Paul McCartney: A Life by Peter Ames Carlin (Touchstone, $16.99, 384 pages)
“Take a sad song and make it better…”
Peter Ames Carlin wrote what was likely the second-best biography of Brian Wilson, Catch a Wave: The Rise, Fall and Redemption of the Beach Boys’ Brian Wilson. It was very good but a bit dry in places, especially when compared to The Nearest Faraway Place by Timothy White. White’s earlier biography masterfully blended the migration of the Wilson family from the Midwest to Torrance with the history of Southern California itself. (The title referenced the phrase used by Brian’s mother whenever she wanted to escape to the not-so-close and not-too-far-away community of Ventura.)
This time Carlin has come closer to fashioning a definitive, lively and warmly human account of the man they call Macca in Great Britain. More than half of this bio covers the story of the Fab Four, which seemed to have had its last good moment with John Lennon and Paul – just the two – recording The Ballad of John and Yoko. Said Paul, “It always surprised me how with just the two of us on it, it ended up sounding like the Beatles.”
This is far from a totally fawning tale of Sir Paul, and Carlin does well in picturing the band as a dysfunctional family. In Carlin’s eyes, John was the wild husband, Paul the responsible mother figure trying to keep the family on track, George the often brooding and secretly rebellious son, and Ringo the “What, me worry?” older brother. And yet… Yet they all came to realize – in one way or another – that they had destroyed the household too soon. The break-up came too early.
Carlin illustrates several times how much Paul came to miss John once he was suddenly gone: “I really loved you and was glad you came along/and you were here today, for you were in my song.” This is the Paul who was subsequently again destroyed by George Harrison’s untimely death: “To me he’s just my little baby brother. I loved him dearly.”

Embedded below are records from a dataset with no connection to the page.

lemma connected_graph_has_neighbour:
  assumes "connected_graph n E" and "u < n" and "v < n" and "u \<noteq> v"
  obtains w where "w < n" and "E u w"
proof -
  have "(\<lambda>x y. x < n \<and> y < n \<and> E x y)\<^sup>*\<^sup>* u v"
    using assms(1-3) unfolding connected_graph_def by blast
  then show ?thesis
    using that \<open>u \<noteq> v\<close> by (cases rule: converse_rtranclpE) auto
qed

lemma L21_colouring_double:
  assumes "simple_graph n E"
  shows "L21_colouring n E (\<lambda>u. 2 * u)"
  unfolding L21_colouring_def dist_two_def
proof (intro conjI allI impI)
  fix u v
  assume "u < n" "v < n" "E u v"
  then have "u \<noteq> v"
    using assms unfolding simple_graph_def by blast
  then show "\<bar>int (2 * u) - int (2 * v)\<bar> \<ge> 2"
    by linarith
next
  fix u v
  assume "u \<noteq> v \<and> \<not> E u v \<and> (\<exists>w<n. E u w \<and> E w v)"
  then show "\<bar>int (2 * u) - int (2 * v)\<bar> \<ge> 1"
    by linarith
qed

lemma lambda21_attained:
  assumes "simple_graph n E"
  obtains f where "L21_colouring n E f" and "colouring_span n f = lambda21 n E"
proof -
  have "\<exists>s f. L21_colouring n E f \<and> colouring_span n f = s"
    using L21_colouring_double[OF assms] by blast
  then have "\<exists>f. L21_colouring n E f \<and> colouring_span n f = lambda21 n E"
    unfolding lambda21_def by (rule LeastI_ex)
  then show ?thesis
    using that by blast
qed

lemma colour_distance_le_span:
  assumes "u < n" and "v < n"
  shows "\<bar>int (f u) - int (f v)\<bar> \<le> int (colouring_span n f)"
proof -
  have bounds: "Min (f ` {0..<n}) \<le> f x \<and> f x \<le> Max (f ` {0..<n})" if "x < n" for x
    using that by auto
  show ?thesis
    using bounds[OF assms(1)] bounds[OF assms(2)] unfolding colouring_span_def
    by (simp add: of_nat_diff abs_le_iff)
qed

lemma lambda21_ge_2:
  assumes "simple_graph n E" and "u < n" and "v < n" and "E u v"
  shows "lambda21 n E \<ge> 2"
proof -
  obtain f where f: "L21_colouring n E f" "colouring_span n f = lambda21 n E"
    using lambda21_attained[OF assms(1)] .
  have "2 \<le> \<bar>int (f u) - int (f v)\<bar>"
    using f(1) assms(2-4) unfolding L21_colouring_def by blast
  also have "\<dots> \<le> int (lambda21 n E)"
    using colour_distance_le_span[OF assms(2,3), of f] f(2) by simp
  finally show ?thesis
    by simp
qed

The one caution with Carlin is that you should certainly feel free to disagree with his musical judgments, as when he praises the disastrous – to this listener’s ears – remixes of the Beatles songs on albums like Yellow Submarine, 1s (Ones) and Love. They’re louder and brasher, but not better nor true to the original recordings. He also fails to understand the simple genius of the album called McCartney – which contained Maybe I’m Amazed, Every Night (the alternate version of You Never Give Me Your Money) and That Would Be Something.
But in the end, we see here a musician who carried on quite, quite well even after the loss of his two quasi-brothers and two wives (one by death, one through a bitter divorce). If you love Paul McCartney, you will feel the same way about him once you’ve finished A Life. If you’ve never much liked Beatle Paul, you may grudgingly make your way through this bio and find that he’s earned a bit of your respect. “Take it away…”
Well recommended.
Joseph Arellano
A review copy was provided by the publisher.